■ Data shown ■
┄┄┄┄┄┄┄┄┄┄┄┄┄┄┄┄┄┄┄┄

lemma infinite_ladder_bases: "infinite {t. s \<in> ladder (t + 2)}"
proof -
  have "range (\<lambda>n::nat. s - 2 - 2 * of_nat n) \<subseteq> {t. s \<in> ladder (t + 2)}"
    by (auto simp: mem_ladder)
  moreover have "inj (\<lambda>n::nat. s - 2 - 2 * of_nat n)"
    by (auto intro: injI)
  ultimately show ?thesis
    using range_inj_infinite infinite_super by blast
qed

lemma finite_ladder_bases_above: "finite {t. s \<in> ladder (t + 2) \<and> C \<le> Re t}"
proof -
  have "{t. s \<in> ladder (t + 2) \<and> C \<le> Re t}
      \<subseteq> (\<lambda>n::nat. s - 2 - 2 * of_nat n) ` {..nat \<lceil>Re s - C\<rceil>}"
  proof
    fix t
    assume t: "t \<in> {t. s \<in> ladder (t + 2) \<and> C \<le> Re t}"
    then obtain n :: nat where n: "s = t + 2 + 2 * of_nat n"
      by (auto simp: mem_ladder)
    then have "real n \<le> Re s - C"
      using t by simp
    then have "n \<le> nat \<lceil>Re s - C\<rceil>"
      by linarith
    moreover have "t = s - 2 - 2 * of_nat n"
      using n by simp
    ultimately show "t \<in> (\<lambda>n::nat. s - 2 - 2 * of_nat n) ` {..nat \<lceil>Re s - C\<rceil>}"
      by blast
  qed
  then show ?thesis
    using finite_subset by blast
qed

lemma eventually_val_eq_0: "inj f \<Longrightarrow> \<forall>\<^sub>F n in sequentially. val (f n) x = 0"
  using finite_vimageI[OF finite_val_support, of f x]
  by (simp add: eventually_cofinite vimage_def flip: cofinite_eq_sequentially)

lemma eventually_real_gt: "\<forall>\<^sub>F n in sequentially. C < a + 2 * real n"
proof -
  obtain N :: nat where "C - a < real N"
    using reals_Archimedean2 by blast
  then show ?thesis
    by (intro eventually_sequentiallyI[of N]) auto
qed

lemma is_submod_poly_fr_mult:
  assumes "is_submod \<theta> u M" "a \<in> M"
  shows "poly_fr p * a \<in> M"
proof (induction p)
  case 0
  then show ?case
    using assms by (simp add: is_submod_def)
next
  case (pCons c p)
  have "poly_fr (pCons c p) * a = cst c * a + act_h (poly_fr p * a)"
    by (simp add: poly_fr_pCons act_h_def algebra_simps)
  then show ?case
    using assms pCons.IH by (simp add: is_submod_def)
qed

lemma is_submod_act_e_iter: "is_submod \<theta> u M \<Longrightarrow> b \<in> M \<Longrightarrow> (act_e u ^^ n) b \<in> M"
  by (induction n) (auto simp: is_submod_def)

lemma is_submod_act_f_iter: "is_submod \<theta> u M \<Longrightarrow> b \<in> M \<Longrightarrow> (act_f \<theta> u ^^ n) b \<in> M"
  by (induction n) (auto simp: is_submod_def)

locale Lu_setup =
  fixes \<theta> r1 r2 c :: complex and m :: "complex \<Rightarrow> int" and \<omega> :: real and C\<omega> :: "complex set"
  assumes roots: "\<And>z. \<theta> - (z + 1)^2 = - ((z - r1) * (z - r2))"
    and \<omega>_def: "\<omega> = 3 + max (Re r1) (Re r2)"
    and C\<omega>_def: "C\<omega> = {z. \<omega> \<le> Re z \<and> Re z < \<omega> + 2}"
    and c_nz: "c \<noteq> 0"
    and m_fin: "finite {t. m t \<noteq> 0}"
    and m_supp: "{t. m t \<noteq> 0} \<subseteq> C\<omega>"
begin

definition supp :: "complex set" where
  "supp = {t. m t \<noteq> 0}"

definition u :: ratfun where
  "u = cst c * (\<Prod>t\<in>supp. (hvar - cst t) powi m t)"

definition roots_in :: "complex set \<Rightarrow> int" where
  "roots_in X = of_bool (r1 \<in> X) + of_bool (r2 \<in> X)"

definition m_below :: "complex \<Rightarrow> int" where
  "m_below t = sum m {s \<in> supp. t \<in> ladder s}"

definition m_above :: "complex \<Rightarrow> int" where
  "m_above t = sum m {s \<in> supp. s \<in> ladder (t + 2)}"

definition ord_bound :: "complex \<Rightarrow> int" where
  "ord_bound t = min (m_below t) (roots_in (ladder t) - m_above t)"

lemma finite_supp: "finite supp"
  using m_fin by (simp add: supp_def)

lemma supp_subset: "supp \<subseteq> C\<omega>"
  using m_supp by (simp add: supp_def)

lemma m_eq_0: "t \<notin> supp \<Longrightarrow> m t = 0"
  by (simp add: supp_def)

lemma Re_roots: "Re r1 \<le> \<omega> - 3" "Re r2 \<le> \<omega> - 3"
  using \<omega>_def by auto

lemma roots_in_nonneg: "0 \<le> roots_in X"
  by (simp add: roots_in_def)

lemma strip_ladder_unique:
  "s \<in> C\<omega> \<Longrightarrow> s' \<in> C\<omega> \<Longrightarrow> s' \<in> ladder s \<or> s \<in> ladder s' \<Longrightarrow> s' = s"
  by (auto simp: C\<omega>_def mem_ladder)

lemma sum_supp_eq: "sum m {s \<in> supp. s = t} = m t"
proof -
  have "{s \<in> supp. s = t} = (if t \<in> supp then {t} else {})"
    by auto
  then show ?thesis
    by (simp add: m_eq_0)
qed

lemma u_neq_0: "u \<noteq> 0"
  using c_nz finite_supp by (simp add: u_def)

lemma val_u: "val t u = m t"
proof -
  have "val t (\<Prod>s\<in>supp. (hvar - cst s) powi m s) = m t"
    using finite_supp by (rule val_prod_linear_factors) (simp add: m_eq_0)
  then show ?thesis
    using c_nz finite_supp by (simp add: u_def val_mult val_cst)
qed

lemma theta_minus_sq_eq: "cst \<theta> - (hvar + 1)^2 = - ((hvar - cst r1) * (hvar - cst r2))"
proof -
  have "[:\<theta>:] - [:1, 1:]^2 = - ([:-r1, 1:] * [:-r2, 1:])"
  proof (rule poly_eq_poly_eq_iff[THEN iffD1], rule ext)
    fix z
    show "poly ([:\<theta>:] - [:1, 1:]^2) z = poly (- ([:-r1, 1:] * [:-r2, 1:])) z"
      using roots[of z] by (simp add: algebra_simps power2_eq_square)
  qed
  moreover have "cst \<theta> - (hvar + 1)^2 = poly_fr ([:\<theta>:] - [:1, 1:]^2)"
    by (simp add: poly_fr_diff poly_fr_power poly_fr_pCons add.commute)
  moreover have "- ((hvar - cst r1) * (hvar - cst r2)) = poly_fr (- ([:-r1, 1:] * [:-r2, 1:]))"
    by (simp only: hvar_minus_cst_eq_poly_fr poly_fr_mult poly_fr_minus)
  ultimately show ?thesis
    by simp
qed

┄┄┄┄┄┄┄┄┄┄┄┄┄┄┄┄┄┄┄┄

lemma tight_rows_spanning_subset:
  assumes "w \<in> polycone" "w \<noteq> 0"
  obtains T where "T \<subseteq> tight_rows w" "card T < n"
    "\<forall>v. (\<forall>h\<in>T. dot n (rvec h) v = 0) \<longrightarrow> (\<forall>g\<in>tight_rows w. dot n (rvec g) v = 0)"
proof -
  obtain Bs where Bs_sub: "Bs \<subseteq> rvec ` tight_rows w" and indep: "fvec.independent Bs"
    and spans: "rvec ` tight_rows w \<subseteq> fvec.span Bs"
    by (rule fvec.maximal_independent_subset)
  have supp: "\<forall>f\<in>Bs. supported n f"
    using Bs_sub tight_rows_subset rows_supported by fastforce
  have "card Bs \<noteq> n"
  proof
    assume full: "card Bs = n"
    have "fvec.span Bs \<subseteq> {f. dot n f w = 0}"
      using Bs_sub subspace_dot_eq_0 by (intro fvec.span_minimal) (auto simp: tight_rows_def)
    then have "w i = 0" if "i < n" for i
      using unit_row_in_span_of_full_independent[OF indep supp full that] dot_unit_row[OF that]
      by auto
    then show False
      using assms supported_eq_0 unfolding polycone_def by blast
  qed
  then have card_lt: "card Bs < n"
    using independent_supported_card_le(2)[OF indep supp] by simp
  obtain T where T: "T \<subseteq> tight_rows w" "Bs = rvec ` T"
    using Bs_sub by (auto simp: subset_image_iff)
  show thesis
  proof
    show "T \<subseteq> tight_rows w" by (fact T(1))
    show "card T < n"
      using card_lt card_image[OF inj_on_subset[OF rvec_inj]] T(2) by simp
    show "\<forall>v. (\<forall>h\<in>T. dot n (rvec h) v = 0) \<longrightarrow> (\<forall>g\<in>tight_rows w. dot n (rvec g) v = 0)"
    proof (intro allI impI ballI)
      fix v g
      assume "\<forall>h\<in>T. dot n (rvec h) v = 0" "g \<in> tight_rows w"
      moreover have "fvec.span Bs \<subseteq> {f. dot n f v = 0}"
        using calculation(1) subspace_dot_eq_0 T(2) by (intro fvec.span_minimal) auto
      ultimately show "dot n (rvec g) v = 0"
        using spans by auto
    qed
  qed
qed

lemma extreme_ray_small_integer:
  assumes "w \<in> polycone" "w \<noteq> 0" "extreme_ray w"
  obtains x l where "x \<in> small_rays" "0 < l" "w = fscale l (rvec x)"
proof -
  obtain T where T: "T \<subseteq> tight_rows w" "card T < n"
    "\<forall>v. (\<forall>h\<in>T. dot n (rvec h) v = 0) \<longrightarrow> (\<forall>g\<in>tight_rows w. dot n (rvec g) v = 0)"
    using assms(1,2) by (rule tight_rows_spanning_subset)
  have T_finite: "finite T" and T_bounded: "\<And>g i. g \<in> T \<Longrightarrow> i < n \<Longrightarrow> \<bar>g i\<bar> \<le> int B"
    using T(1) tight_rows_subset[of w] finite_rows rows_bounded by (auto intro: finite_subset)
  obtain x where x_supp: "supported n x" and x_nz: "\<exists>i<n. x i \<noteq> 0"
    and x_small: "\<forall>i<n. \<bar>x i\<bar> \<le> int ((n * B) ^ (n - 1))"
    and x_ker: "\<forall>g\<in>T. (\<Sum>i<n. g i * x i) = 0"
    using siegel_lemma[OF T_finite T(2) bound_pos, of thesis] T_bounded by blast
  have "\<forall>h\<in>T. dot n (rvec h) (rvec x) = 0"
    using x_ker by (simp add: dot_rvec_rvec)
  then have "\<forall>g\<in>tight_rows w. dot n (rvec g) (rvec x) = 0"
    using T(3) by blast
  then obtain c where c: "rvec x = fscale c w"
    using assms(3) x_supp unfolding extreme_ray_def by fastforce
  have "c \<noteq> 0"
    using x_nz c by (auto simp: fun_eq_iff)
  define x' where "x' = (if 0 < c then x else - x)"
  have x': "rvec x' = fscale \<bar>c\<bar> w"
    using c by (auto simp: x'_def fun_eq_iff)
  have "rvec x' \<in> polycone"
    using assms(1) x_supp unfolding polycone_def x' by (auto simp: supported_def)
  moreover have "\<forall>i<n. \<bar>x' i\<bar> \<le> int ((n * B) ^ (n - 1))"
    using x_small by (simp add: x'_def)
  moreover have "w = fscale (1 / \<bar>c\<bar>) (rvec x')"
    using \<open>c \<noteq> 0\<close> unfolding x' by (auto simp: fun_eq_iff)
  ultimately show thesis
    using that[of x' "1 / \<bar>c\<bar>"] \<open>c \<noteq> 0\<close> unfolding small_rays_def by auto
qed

┄┄┄┄┄┄┄┄┄┄┄┄┄┄┄┄┄┄┄┄

Provide the number of lines in the entries above on which the string "obtains" is found, and no other text.

2